From fingers and toes to necks and knees, everyone knows a “cracker.” Up to 45% of people do it. And most habitual joint poppers have heard rumors their habit may cause arthritis. But are those rumors true?
First, a quick anatomy lesson: Many of your joints—including those that allow your fingers to beckon or point—feature small pockets or gaps that are filled with synovial fluid. Like axle grease, this fluid allows the bones that commingle in your joints to glide close to one another without grating, explains Dr.

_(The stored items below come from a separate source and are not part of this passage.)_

(* Let $m,n,w,d$ be positive integers with $1\le w\le m-1$. For all positive integers $l$ dividing $n$, all integers $0\le v\le l$, and all integers $\delta$ with $0\le \delta\le \frac{n}{l}\min\{v,l-v\}$, $$A(m,n,w,d)\le \frac{1}{\alpha\left(l,\frac{n}{l},v,\delta\right)}\left(\frac{m^l}{w^v(m-w)^{l-v}}\right)^{\frac{n}{l}} A\left((m-1)l,\frac{n}{l},lw-v,d-\delta\right).$$
   Context: $J(m,w)$ denotes the set of binary vectors of length $m$ and Hamming weight $w$. Elements of $J(m,w)^n$ are identified with $m\times n$ binary matrices all of whose columns have weight $w$, with distance the binary Hamming distance. $A(m,n,w,d)$ denotes the maximum cardinality of a nonempty subset of $J(m,w)^n$ in which any two distinct elements are at Hamming distance at least $2d$ (for $d\le 0$ this is just $\binom{m}{w}^n$). $\alpha(m,n,w,\delta)$ denotes the maximum cardinality of a subset of $J(m,w)^n$ in which any two elements are at Hamming distance at most $2\delta$ (so $\alpha(m,n,w,0)=1$ and $\alpha(m,n,w,nw)=\binom{m}{w}^n$). *)

theory Defs
  imports Complex_Main
begin

text \<open>Elements of J(m,w)^n: m x n binary matrices (entries indexed by row i < m and
column j < n, zero outside) all of whose columns have Hamming weight w.\<close>
definition cw_mats :: "nat \<Rightarrow> nat \<Rightarrow> nat \<Rightarrow> (nat \<Rightarrow> nat \<Rightarrow> bool) set" where
  "cw_mats m n w = {M. (\<forall>i j. M i j \<longrightarrow> i < m \<and> j < n) \<and>
                        (\<forall>j<n. card {i. i < m \<and> M i j} = w)}"

definition mat_hdist :: "nat \<Rightarrow> nat \<Rightarrow> (nat \<Rightarrow> nat \<Rightarrow> bool) \<Rightarrow> (nat \<Rightarrow> nat \<Rightarrow> bool) \<Rightarrow> nat" where
  "mat_hdist m n M N = card {(i, j). i < m \<and> j < n \<and> M i j \<noteq> N i j}"

definition A_code :: "nat \<Rightarrow> nat \<Rightarrow> nat \<Rightarrow> int \<Rightarrow> nat" where
  "A_code m n w d = Max {card C | C. C \<subseteq> cw_mats m n w \<and> C \<noteq> {} \<and>
      (\<forall>x\<in>C. \<forall>y\<in>C. x \<noteq> y \<longrightarrow> 2 * d \<le> int (mat_hdist m n x y))}"

definition alpha_anticode :: "nat \<Rightarrow> nat \<Rightarrow> nat \<Rightarrow> nat \<Rightarrow> nat" where
  "alpha_anticode m n w \<delta> = Max {card C | C. C \<subseteq> cw_mats m n w \<and>
      (\<forall>x\<in>C. \<forall>y\<in>C. mat_hdist m n x y \<le> 2 * \<delta>)}"

end

theory Submission
  imports Defs "HOL-Library.FuncSet"
begin

text \<open>Double count over the m^n ways P of distinguishing one row in each column. Group the
n columns into n/l blocks of l consecutive columns. The distinguished entries of a matrix x of
J(m,w)^n form an l \<times> n/l matrix (one column per block), and the remaining entries,
stacking the l shortened columns of a block into one column, form a matrix of
J((m-1)l, lw - v)^(n/l) whenever the distinguished part has column weights v; the Hamming
distance of x and y is the sum of the distances of the two parts. Take an optimal code C and an
optimal anticode B of diameter 2\<delta>. For fixed P, the codewords whose distinguished part
lies in B have punctured parts pairwise at distance at least 2(d - \<delta>), so there are at
most A((m-1)l, n/l, lw - v, d - \<delta>) of them. On the other hand, every pair (x, b) in C \<times> B
arises from exactly (w^v (m-w)^(l-v))^(n/l) choices of P.\<close>

lemma finite_cw_mats: "finite (cw_mats m n w)"
proof -
  have "cw_mats m n w \<subseteq> (\<lambda>S i j. (i, j) \<in> S) ` Pow ({..<m} \<times> {..<n})"
  proof
    fix M assume "M \<in> cw_mats m n w"
    hence "M = (\<lambda>i j. (i, j) \<in> {(i, j). M i j})" and "{(i, j). M i j} \<subseteq> {..<m} \<times> {..<n}"
      by (auto simp: cw_mats_def)
    thus "M \<in> (\<lambda>S i j. (i, j) \<in> S) ` Pow ({..<m} \<times> {..<n})" by blast
  qed
  thus ?thesis by (rule finite_subset) auto
qed

lemma mat_hdist_eq_0_imp_eq:
  assumes "x \<in> cw_mats m n w" "y \<in> cw_mats m n w'" "mat_hdist m n x y = 0"
  shows "x = y"
proof (intro ext)
  fix i j
  have "finite {(i, j). i < m \<and> j < n \<and> x i j \<noteq> y i j}"
    by (rule finite_subset[of _ "{..<m} \<times> {..<n}"]) auto
  hence "{(i, j). i < m \<and> j < n \<and> x i j \<noteq> y i j} = {}"
    using assms(3) by (simp add: mat_hdist_def)
  moreover have "\<not> (i < m \<and> j < n) \<Longrightarrow> \<not> x i j \<and> \<not> y i j"
    using assms(1,2) by (auto simp: cw_mats_def)
  ultimately show "x i j = y i j" by blast
qed

lemma const_block_in_cw_mats: "w \<le> m \<Longrightarrow> (\<lambda>i j. i < w \<and> j < n) \<in> cw_mats m n w"
proof -
  assume "w \<le> m"
  hence "\<And>j. j < n \<Longrightarrow> {i. i < m \<and> i < w \<and> j < n} = {..<w}" by auto
  thus ?thesis using \<open>w \<le> m\<close> unfolding cw_mats_def by auto
qed

lemma finite_card_Collect_subset: "finite X \<Longrightarrow> finite {card C | C. C \<subseteq> X \<and> Q C}"
  by (rule finite_subset[of _ "card ` Pow X"]) auto

lemma card_le_A_code:
  assumes "C \<subseteq> cw_mats m n w" "C \<noteq> {}"
    and "\<forall>x\<in>C. \<forall>y\<in>C. x \<noteq> y \<longrightarrow> 2 * d \<le> int (mat_hdist m n x y)"
  shows "card C \<le> A_code m n w d"
  unfolding A_code_def
  by (rule Max_ge, rule finite_card_Collect_subset[OF finite_cw_mats]) (use assms in blast)

lemma A_code_attained:
  assumes "w \<le> m"
  obtains C where "card C = A_code m n w d" "C \<subseteq> cw_mats m n w"
    "\<forall>x\<in>C. \<forall>y\<in>C. x \<noteq> y \<longrightarrow> 2 * d \<le> int (mat_hdist m n x y)"
proof -
  let ?S = "{card C | C. C \<subseteq> cw_mats m n w \<and> C \<noteq> {} \<and>
      (\<forall>x\<in>C. \<forall>y\<in>C. x \<noteq> y \<longrightarrow> 2 * d \<le> int (mat_hdist m n x y))}"
  have "card {\<lambda>i j. i < w \<and> j < n} \<in> ?S"
    using const_block_in_cw_mats[OF assms, of n] by blast
  hence "A_code m n w d \<in> ?S"
    unfolding A_code_def by (intro Max_in finite_card_Collect_subset finite_cw_mats) blast
  then obtain C where "A_code m n w d = card C" "C \<subseteq> cw_mats m n w"
    "\<forall>x\<in>C. \<forall>y\<in>C. x \<noteq> y \<longrightarrow> 2 * d \<le> int (mat_hdist m n x y)"
    by blast
  thus ?thesis using that by simp
qed

lemma card_le_alpha_anticode:
  assumes "B \<subseteq> cw_mats l k v" "\<forall>x\<in>B. \<forall>y\<in>B. mat_hdist l k x y \<le> 2 * \<delta>"
  shows "card B \<le> alpha_anticode l k v \<delta>"
  unfolding alpha_anticode_def
  by (rule Max_ge, rule finite_card_Collect_subset[OF finite_cw_mats]) (use assms in blast)

lemma alpha_anticode_pos: "v \<le> l \<Longrightarrow> 0 < alpha_anticode l k v \<delta>"
  using card_le_alpha_anticode[of "{\<lambda>i j. i < v \<and> j < k}" l k v \<delta>] const_block_in_cw_mats[of v l k]
  by (simp add: mat_hdist_def)

text \<open>The empty anticode is admitted in the definition, so the maximum is always attained.\<close>

lemma alpha_anticode_attained:
  obtains B where "card B = alpha_anticode l k v \<delta>" "B \<subseteq> cw_mats l k v"
    "\<forall>x\<in>B. \<forall>y\<in>B. mat_hdist l k x y \<le> 2 * \<delta>"
proof -
  let ?S = "{card B | B. B \<subseteq> cw_mats l k v \<and> (\<forall>x\<in>B. \<forall>y\<in>B. mat_hdist l k x y \<le> 2 * \<delta>)}"
  have "card {} \<in> ?S" by (intro CollectI exI[of _ "{}"]) simp
  hence "alpha_anticode l k v \<delta> \<in> ?S"
    unfolding alpha_anticode_def by (intro Max_in finite_card_Collect_subset finite_cw_mats) blast
  then obtain B where "alpha_anticode l k v \<delta> = card B" "B \<subseteq> cw_mats l k v"
    "\<forall>x\<in>B. \<forall>y\<in>B. mat_hdist l k x y \<le> 2 * \<delta>"
    by blast
  thus ?thesis using that by simp
qed

definition skip_index :: "nat \<Rightarrow> nat \<Rightarrow> nat" where
  "skip_index p s = (if s < p then s else Suc s)"

lemma inj_skip_index: "inj (skip_index p)"
  by (auto simp: inj_def skip_index_def split: if_splits)

lemma skip_index_image: "p < m \<Longrightarrow> skip_index p ` {..<m - 1} = {..<m} - {p}"
proof (intro equalityI subsetI)
  fix i assume "p < m" "i \<in> {..<m} - {p}"
  hence "skip_index p (if i < p then i else i - 1) = i" "(if i < p then i else i - 1) < m - 1"
    by (auto simp: skip_index_def)
  thus "i \<in> skip_index p ` {..<m - 1}" by force
qed (auto simp: skip_index_def)
(* Let $(V,\tau)$ be a topological mixed lattice space. (a) The map $Q:V\to V_p$, $Q(x)={}^ux$, is continuous and satisfies: $Q(V)=V_p$ and $Q(x)=x$ for all $x\in V_p$; $Q(tx)=tQ(x)$ for all $t\ge 0$, $x\in V$; $Q(x+y)\le Q(x)+Q(y)$ for all $x,y$; $Q(x)=0$ and $Q(-x)=0$ imply $x=0$; and $Q(x-Q(x))=0$ for all $x$. That is, $Q$ is a proper asymmetric cone norm with respect to the cone $V_p$. (b) The map $Q:V\to V_{sp}$, $Q(x)=x^u$, is continuous and satisfies: $Q(V)=V_{sp}$ and $Q(x)=x$ for all $x\in V_{sp}$; $Q(tx)=tQ(x)$ for all $t\ge0$; $Q(x+y)\le Q(x)+Q(y)$ for all $x,y$; $Q(x)=0$ and $Q(-x)=0$ imply $x=0$; $Q(x-Q(x))=0$ for all $x$. Moreover $Q$ is increasing for both orderings: $x\preccurlyeq y$ implies $Q(x)\preccurlyeq Q(y)$, and $x\le y$ implies $Q(x)\le Q(y)$.
   Context: A mixed lattice vector space $(V,\le,\preccurlyeq)$ is a real vector space $V$ with two partial orderings $\le$ (initial order) and $\preccurlyeq$ (specific order), each making $V$ a partially ordered vector space, with positive cones $V_p=\{x:0\le x\}$, $V_{sp}=\{x:0\preccurlyeq x\}$, such that: (1) for all $x,y$ the elements $x\curlyvee y=\min\{w: w\succcurlyeq x,\ w\ge y\}$ and $x\curlywedge y=\max\{w: w\preccurlyeq x,\ w\le y\}$ exist (min/max with respect to $\le$); (2) $x\preccurlyeq y$ implies $x\le y$; (3) $x\curlyvee y, x\curlywedge y\in V_{sp}$ whenever $x,y\in V_{sp}$. A topological mixed lattice space is such a $V$ with a vector topology making $(x,y)\mapsto x\curlyvee y$ and $(x,y)\mapsto x\curlywedge y$ continuous. Notation: $x^u=0\curlyvee x$, ${}^ux=x\curlyvee 0$. Given a cone $C$ in a topological vector space $X$ with associated order $\le_C$, a continuous map $Q:X\to C$ is an asymmetric cone norm if $Q(x)=x$ for $x\in C$ and $Q(X)=C$; $Q(tx)=tQ(x)$ for $t\ge 0$; $Q(x+y)\le_C Q(x)+Q(y)$; and $Q(x)=Q(-x)=0$ implies $x=0$. It is proper if $Q(x-Q(x))=0$ for all $x$. *)

theory Defs
  imports "HOL-Analysis.Analysis"
begin

definition pos_vector_order :: "('a::real_vector \<Rightarrow> 'a \<Rightarrow> bool) \<Rightarrow> bool" where
  "pos_vector_order r \<longleftrightarrow>
     (\<forall>x. r x x) \<and>
     (\<forall>x y. r x y \<and> r y x \<longrightarrow> x = y) \<and>
     (\<forall>x y z. r x y \<and> r y z \<longrightarrow> r x z) \<and>
     (\<forall>x y z. r x y \<longrightarrow> r (x + z) (y + z)) \<and>
     (\<forall>x y (t::real). r x y \<and> 0 \<le> t \<longrightarrow> r (t *\<^sub>R x) (t *\<^sub>R y))"

definition is_mixed_upper ::
  "('a \<Rightarrow> 'a \<Rightarrow> bool) \<Rightarrow> ('a \<Rightarrow> 'a \<Rightarrow> bool) \<Rightarrow> 'a \<Rightarrow> 'a \<Rightarrow> 'a \<Rightarrow> bool" where
  "is_mixed_upper le sle x y w \<longleftrightarrow>
     sle x w \<and> le y w \<and> (\<forall>z. sle x z \<and> le y z \<longrightarrow> le w z)"

definition is_mixed_lower ::
  "('a \<Rightarrow> 'a \<Rightarrow> bool) \<Rightarrow> ('a \<Rightarrow> 'a \<Rightarrow> bool) \<Rightarrow> 'a \<Rightarrow> 'a \<Rightarrow> 'a \<Rightarrow> bool" where
  "is_mixed_lower le sle x y w \<longleftrightarrow>
     sle w x \<and> le w y \<and> (\<forall>z. sle z x \<and> le z y \<longrightarrow> le z w)"

definition mixed_upper ::
  "('a \<Rightarrow> 'a \<Rightarrow> bool) \<Rightarrow> ('a \<Rightarrow> 'a \<Rightarrow> bool) \<Rightarrow> 'a \<Rightarrow> 'a \<Rightarrow> 'a" where
  "mixed_upper le sle x y = (THE w. is_mixed_upper le sle x y w)"

definition mixed_lower ::
  "('a \<Rightarrow> 'a \<Rightarrow> bool) \<Rightarrow> ('a \<Rightarrow> 'a \<Rightarrow> bool) \<Rightarrow> 'a \<Rightarrow> 'a \<Rightarrow> 'a" where
  "mixed_lower le sle x y = (THE w. is_mixed_lower le sle x y w)"
(* Let $M\in\mathcal{I}$. Then $2\in M$ or $M$ is unbounded.
   Context: For a summable sequence $\mathbf{x}=(x_n)$ of positive reals, $\mathcal{A}(\mathbf{x})=\{\sum_{n\in A}x_n: A\subseteq\mathbb{N}\}$ is its achievement set and its cardinal function $f$ assigns to $x\in\mathcal{A}(\mathbf{x})$ the cardinality (a positive integer, $\omega$, or $\mathfrak{c}$) of $\{(\varepsilon_n)\in\{0,1\}^{\mathbb{N}}:\sum\varepsilon_nx_n=x\}$. $\mathcal{I}$ is the family of ranges of cardinal functions of such sequences whose achievement set is a finite union of (nondegenerate) closed intervals. A set $M\subseteq\{1,2,\dots\}\cup\{\omega,\mathfrak{c}\}$ is bounded if there is $N\in\mathbb{N}$ with $M\subseteq\{1,\dots,N\}$; otherwise it is unbounded. *)

theory Defs
  imports "HOL-Analysis.Analysis"
begin

text \<open>Cardinal values: a positive integer, omega, or continuum.\<close>
datatype cardval = Fin nat | Omega | Cont

text \<open>Subsum of x over the index set A (A corresponds to the 0-1 sequence eps).\<close>
definition subsum :: "(nat \<Rightarrow> real) \<Rightarrow> nat set \<Rightarrow> real" where
  "subsum x A = (\<Sum>n. (if n \<in> A then x n else 0))"

definition achievement_set :: "(nat \<Rightarrow> real) \<Rightarrow> real set" where
  "achievement_set x = {subsum x A | A. True}"

definition cardv :: "'a set \<Rightarrow> cardval" where
  "cardv S = (if finite S then Fin (card S) else if countable S then Omega else Cont)"

definition cardinal_fun :: "(nat \<Rightarrow> real) \<Rightarrow> real \<Rightarrow> cardval" where
  "cardinal_fun x t = cardv {A :: nat set. subsum x A = t}"
lemma SN_uniform_near_segments:
  assumes "open A" "is_interval A" "regular_supershift A f"
    and adm: "\<forall>eps\<in>E. admissible_seq eps" and lim: "(\<lambda>N. SUP eps\<in>E. eps N) \<longlonglongrightarrow> 0"
    and "compact K" "K \<subseteq> AA A" "\<eta> > 0"
  shows "\<forall>\<^sub>F M in sequentially. \<forall>d\<in>E. \<forall>(a, a')\<in>K. \<forall>t\<in>{min 1 a..max 1 a}. \<forall>s\<in>{0..2 / real (Suc M)}.
    norm (SN d f M (t, a' + s) - f (t + a')) < \<eta>"
proof -
  obtain \<beta> C where \<beta>: "\<beta> > 0" and C: "compact C" "C \<subseteq> AA A"
    and in_C: "\<And>a a' t s. (a, a') \<in> K \<Longrightarrow> t \<in> {min 1 a..max 1 a} \<Longrightarrow> s \<in> {0..\<beta>} \<Longrightarrow> (t, a' + s) \<in> C"
    using compact_AA_segment_thickening[OF assms(1,2,6,7)] by blast
  define P where "P = (\<lambda>z. fst z + snd z) ` C"
  have "compact P" unfolding P_def by (intro compact_continuous_image C continuous_intros)
  moreover have "P \<subseteq> A" using C mem_AA_iff[OF assms(2)] unfolding P_def by auto
  moreover have "continuous_on A f" using assms(3) by (simp add: regular_supershift_def)
  ultimately have "uniformly_continuous_on P f"
    by (meson compact_uniformly_continuous continuous_on_subset)
  then obtain \<rho> where \<rho>: "\<rho> > 0"
    "\<And>x x'. x \<in> P \<Longrightarrow> x' \<in> P \<Longrightarrow> dist x' x < \<rho> \<Longrightarrow> dist (f x') (f x) < \<eta> / 2"
    using \<open>\<eta> > 0\<close> unfolding uniformly_continuous_on_def by (metis half_gt_zero)
  have "\<forall>\<^sub>F M in sequentially. \<forall>q\<in>E \<times> C. dist (SN (fst q) f M (snd q)) (f (fst (snd q) + snd (snd q))) < \<eta> / 2"
    using regular_supershift_family[OF assms(3) adm lim C] half_gt_zero[OF \<open>\<eta> > 0\<close>]
    by (rule uniform_limitD)
  moreover have "\<forall>\<^sub>F M in sequentially. 2 / real (Suc M) < min \<rho> \<beta>"
    using order_tendstoD(2)[OF LIMSEQ_Suc[OF lim_const_over_n[of "2::real"]], of "min \<rho> \<beta>"] \<rho> \<beta>
    by simp
  ultimately show ?thesis
  proof eventually_elim
    case (elim M)
    show ?case
    proof (intro ballI, clarify)
      fix d a a' t s assume "d \<in> E" "(a, a') \<in> K" "t \<in> {min 1 a..max 1 a}" "s \<in> {0..2 / real (Suc M)}"
      then have C: "(t, a' + s) \<in> C" "(t, a') \<in> C"
        using in_C[of a a' t s] in_C[of a a' t 0] elim(2) \<beta> by auto
      then have "t + (a' + s) \<in> P" "t + a' \<in> P"
        unfolding P_def by (force intro: image_eqI)+
      with \<open>s \<in> _\<close> elim(2) have "dist (f (t + (a' + s))) (f (t + a')) < \<eta> / 2"
        by (intro \<rho>(2)) (auto simp: dist_real_def)
      moreover have "dist (SN d f M (t, a' + s)) (f (t + (a' + s))) < \<eta> / 2"
        using bspec[OF elim(1), of "(d, t, a' + s)"] \<open>d \<in> E\<close> C(1) by simp
      ultimately show "norm (SN d f M (t, a' + s) - f (t + a')) < \<eta>"
        using dist_triangle[of "SN d f M (t, a' + s)" "f (t + a')" "f (t + (a' + s))"]
        by (simp add: dist_norm)
    qed
  qed
qed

Pedro Beredjiklian, chief of hand and wrist surgery at Philadelphia’s Rothman Institute.
When you pull, twist or otherwise “crack” a joint, you’re expanding the volume of space between your bones, Beredjiklian says. That volume expansion creates negative pressure, which sucks the synovial fluid into the newly created space. This sudden inflow of fluid is the popping you feel and hear when you crack a knuckle, he adds.
Historically, this hasn’t always been so obvious. For about the last 50 years, many researchers have believed that the sound of a cracking knuckle meant that a bubble was popped as parts of the finger were separated. But one 2015 study published in the journal PLOS ONE disproved that popular myth about joint popping. Researchers conducted an MRI scan of a finger as it cracked in real time and found that, instead, the popping sound occurred when fluid rushed into the cavity.
The more you crack your joint, the more you stretch and loosen both its capsule and the surrounding ligaments. And the looser those components become, the more easily your joint will pop, Beredjiklian says.
So is this bad for your joints? Almost certainly not, he assures. Multiple studies have looked into the prevalence of “crackers” among large groups of osteoarthritis patients. They found no evidence that finger pullers and poppers are more likely to suffer from arthritis than those who don’t crack their knuckles. A recent study found that people who cracked their knuckles had the same levels of swelling, weakness, ligament looseness and physical function as those who did not.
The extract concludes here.